PROC TRANSPOSE DATA=ques OUT=quest;
    VAR name;
RUN;

DATA quest;
    SET quest;
    ARRAY cols COL1-COL%EVAL(&sqlobs.-2);
    DO OVER cols;
        IF SCAN(cols, 1, "_") IN ("S1", "S2", "S3") THEN PUT cols;
    END;
RUN;

But instead of outputting the column into the log, I would then concatenate it into a macro variable and then shove that macro variable into a macro that will then loop over all of the strings inside the macro variable and perform the macro on that. So what I have should work however I was wondering if there was an easier way of doing it. Basically having an array of "S1"-"S100" and seeing if it is in that array but I don't believe that is possible. I wouldn't be able to do LIKE S% because it would also grab all of the columns that are like S% which is all of the columns and not just S1_Something - S100_Something.

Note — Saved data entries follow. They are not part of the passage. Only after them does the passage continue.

(* For each $d\ge 4$, there are at least $2^{d-3}$ finitely constrained subgroups of $\mathrm{Aut}(X^* )$ defined by patterns of size $d$ with Hausdorff dimension $1-\frac{2}{2^{d-1}}$ that are not topologically finitely generated.
   Context: Let $X=\{0,1\}$, $X^*$ the rooted binary tree of finite words, $G=\mathrm{Aut}(X^* )$, $G(d)$ the automorphism group of the finite tree of words of length $\le d$. Sections $g(wv)=g(w)g_w(v)$; $\pi_k$ restriction to words of length $\le k$. A subgroup $P\le G(d)$ is an essential pattern group if for every $p\in P$ and $i\in\{0,1\}$ there is $q\in P$ with $\pi_{d-1}(q)=p_i$; $G_P=\{g\in G:\pi_d(g_w)\in P\ \forall w\}$. A subgroup is finitely constrained if it equals some $G_P$, and defined by patterns of size $d$ if $d$ is the minimal such size. $\mathrm{Hdim}(K)=\liminf_n\log_2|K(n)|/\log_2|G(n)|$ with $K(n)=\pi_n(K)$. A closed subgroup is topologically finitely generated if it contains a finitely generated subgroup dense in the profinite topology. *)

theory Defs
  imports Complex_Main "HOL-Library.Sublist" "HOL-Library.Liminf_Limsup" "HOL-Library.Extended_Real"
begin

text \<open>Vertices of the rooted binary tree X* are words over X = {0,1}, modelled as bool lists.\<close>

definition tree_aut :: "(bool list \<Rightarrow> bool list) \<Rightarrow> bool" where
  "tree_aut g \<longleftrightarrow> bij g \<and> (\<forall>w. length (g w) = length w)
     \<and> (\<forall>u v. prefix u v \<longrightarrow> prefix (g u) (g v))"

definition AutT :: "(bool list \<Rightarrow> bool list) set" where
  "AutT = {g. tree_aut g}"

text \<open>Automorphisms of the finite tree of words of length at most d, extended by the identity.\<close>
definition fin_aut :: "nat \<Rightarrow> (bool list \<Rightarrow> bool list) \<Rightarrow> bool" where
  "fin_aut d h \<longleftrightarrow> bij h \<and> (\<forall>w. length (h w) = length w)
     \<and> (\<forall>w. d < length w \<longrightarrow> h w = w)
     \<and> (\<forall>u v. length v \<le> d \<longrightarrow> prefix u v \<longrightarrow> prefix (h u) (h v))"

definition AutD :: "nat \<Rightarrow> (bool list \<Rightarrow> bool list) set" where
  "AutD d = {h. fin_aut d h}"

definition proj :: "nat \<Rightarrow> (bool list \<Rightarrow> bool list) \<Rightarrow> (bool list \<Rightarrow> bool list)" where
  "proj k g = (\<lambda>w. if length w \<le> k then g w else w)"

text \<open>Section g_w, defined by g(wv) = g(w) g_w(v).\<close>
definition sect :: "(bool list \<Rightarrow> bool list) \<Rightarrow> bool list \<Rightarrow> (bool list \<Rightarrow> bool list)" where
  "sect g w = (\<lambda>v. drop (length w) (g (w @ v)))"

definition is_subgroup_of :: "(bool list \<Rightarrow> bool list) set \<Rightarrow> (bool list \<Rightarrow> bool list) set \<Rightarrow> bool" where
  "is_subgroup_of H A \<longleftrightarrow> H \<subseteq> A \<and> id \<in> H \<and> (\<forall>p\<in>H. \<forall>q\<in>H. p \<circ> q \<in> H) \<and> (\<forall>p\<in>H. inv p \<in> H)"

text \<open>Essential pattern group of size d; the section p_i of p in G(d) is pi_{d-1}(p_[i]).\<close>
definition essential_pattern_group :: "nat \<Rightarrow> (bool list \<Rightarrow> bool list) set \<Rightarrow> bool" where
  "essential_pattern_group d P \<longleftrightarrow> is_subgroup_of P (AutD d) \<and>
     (\<forall>p\<in>P. \<forall>i::bool. \<exists>q\<in>P. proj (d - 1) q = proj (d - 1) (sect p [i]))"

definition GP :: "nat \<Rightarrow> (bool list \<Rightarrow> bool list) set \<Rightarrow> (bool list \<Rightarrow> bool list) set" where
  "GP d P = {g \<in> AutT. \<forall>w. proj d (sect g w) \<in> P}"

definition constrained_by_size :: "nat \<Rightarrow> (bool list \<Rightarrow> bool list) set \<Rightarrow> bool" where
  "constrained_by_size d K \<longleftrightarrow> (\<exists>P. essential_pattern_group d P \<and> K = GP d P)"

definition finitely_constrained :: "(bool list \<Rightarrow> bool list) set \<Rightarrow> bool" where
  "finitely_constrained K \<longleftrightarrow> (\<exists>d. constrained_by_size d K)"

definition defined_by_patterns_of_size :: "nat \<Rightarrow> (bool list \<Rightarrow> bool list) set \<Rightarrow> bool" where
  "defined_by_patterns_of_size d K \<longleftrightarrow> constrained_by_size d K \<and> (\<forall>d'<d. \<not> constrained_by_size d' K)"

definition Hdim :: "(bool list \<Rightarrow> bool list) set \<Rightarrow> ereal" where
  "Hdim K = liminf (\<lambda>n. ereal (log 2 (real (card (proj n ` K))) / log 2 (real (card (AutD n)))))"

inductive_set gen_subgroup :: "(bool list \<Rightarrow> bool list) set \<Rightarrow> (bool list \<Rightarrow> bool list) set"
  for S where
    gen_id: "id \<in> gen_subgroup S"
  | gen_base: "s \<in> S \<Longrightarrow> s \<in> gen_subgroup S"
  | gen_comp: "p \<in> gen_subgroup S \<Longrightarrow> q \<in> gen_subgroup S \<Longrightarrow> p \<circ> q \<in> gen_subgroup S"
  | gen_inv: "p \<in> gen_subgroup S \<Longrightarrow> inv p \<in> gen_subgroup S"

text \<open>H is dense in K for the profinite topology: every basic (cylinder) neighbourhood
  {h. proj n h = proj n g} of a point g of K meets H.\<close>
definition dense_in :: "(bool list \<Rightarrow> bool list) set \<Rightarrow> (bool list \<Rightarrow> bool list) set \<Rightarrow> bool" where
  "dense_in H K \<longleftrightarrow> (\<forall>g\<in>K. \<forall>n. \<exists>h\<in>H. proj n h = proj n g)"

definition top_fin_gen :: "(bool list \<Rightarrow> bool list) set \<Rightarrow> bool" where
  "top_fin_gen K \<longleftrightarrow> (\<exists>S. finite S \<and> S \<subseteq> K \<and> gen_subgroup S \<subseteq> K \<and> dense_in (gen_subgroup S) K)"

end

theory Submission
  imports Defs
begin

Go ahead and ask any questions if you are confused on what I want exactly since I'm bad at explaining.

hubertsng · Posted 07-22-2019 01:57 PM

Okay so I got closer to what I want by reading the link you gave me with

PROC SQL;
    SELECT name || "=" || CATS(SUBSTR(name, 1, 27), "_temp") INTO :rename_list SEPARATED BY " "
    FROM dictionary.columns
    WHERE libname="WORK"
    AND memname="HAVE";
QUIT;

PROC DATASETS LIBRARY=WORK NOLIST;
    MODIFY HAVE;
    RENAME &rename_list.;
QUIT;

PROC SQL;
    SELECT name || "=" || SCAN(name, 1, "_") INTO :rename_list SEPARATED BY " "
    FROM dictionary.columns
    WHERE libname="WORK"
    AND memname="HAVE";
QUIT;

PROC DATASETS LIBRARY=WORK NOLIST;
    MODIFY HAVE;
    RENAME &rename_list.;
QUIT;

And the only thing that doesn't work now is the macro. I successfully renamed all of the variables to S1-S7 P1-P9, etc. instead of having them be S1_Something-S7_Something

ANOTHER WAY OF DOING IT

https://communities.sas.com/t5/SAS-Programming/Grabbing-all-columns-with-names-that-start-with-a-str...

View solution in original post

Reeza · Posted 07-22-2019 01:02 PM

SASHELP.VCOLUMN -> has a list of all column names you can query.

If you're looping over columns is there a reason an array wouldn't work instead of macros? Macros are useful but there are other methods.

hubertsng · Posted 07-22-2019 01:08 PM

If you look at my code, I got all the way to the end but I don't know how to grab the columns that are in that successive pattern. I grabbed all of the columns and I can subset the columns by making it satisfy it being inside an array of strings that I enter manually but not a list of strings that I can set automatically. And I could possibly just loop over the columns instead of doing a macro but I feel as though the same problem that exists when looping over the columns exists when shoving all of the columns I want inside the macro.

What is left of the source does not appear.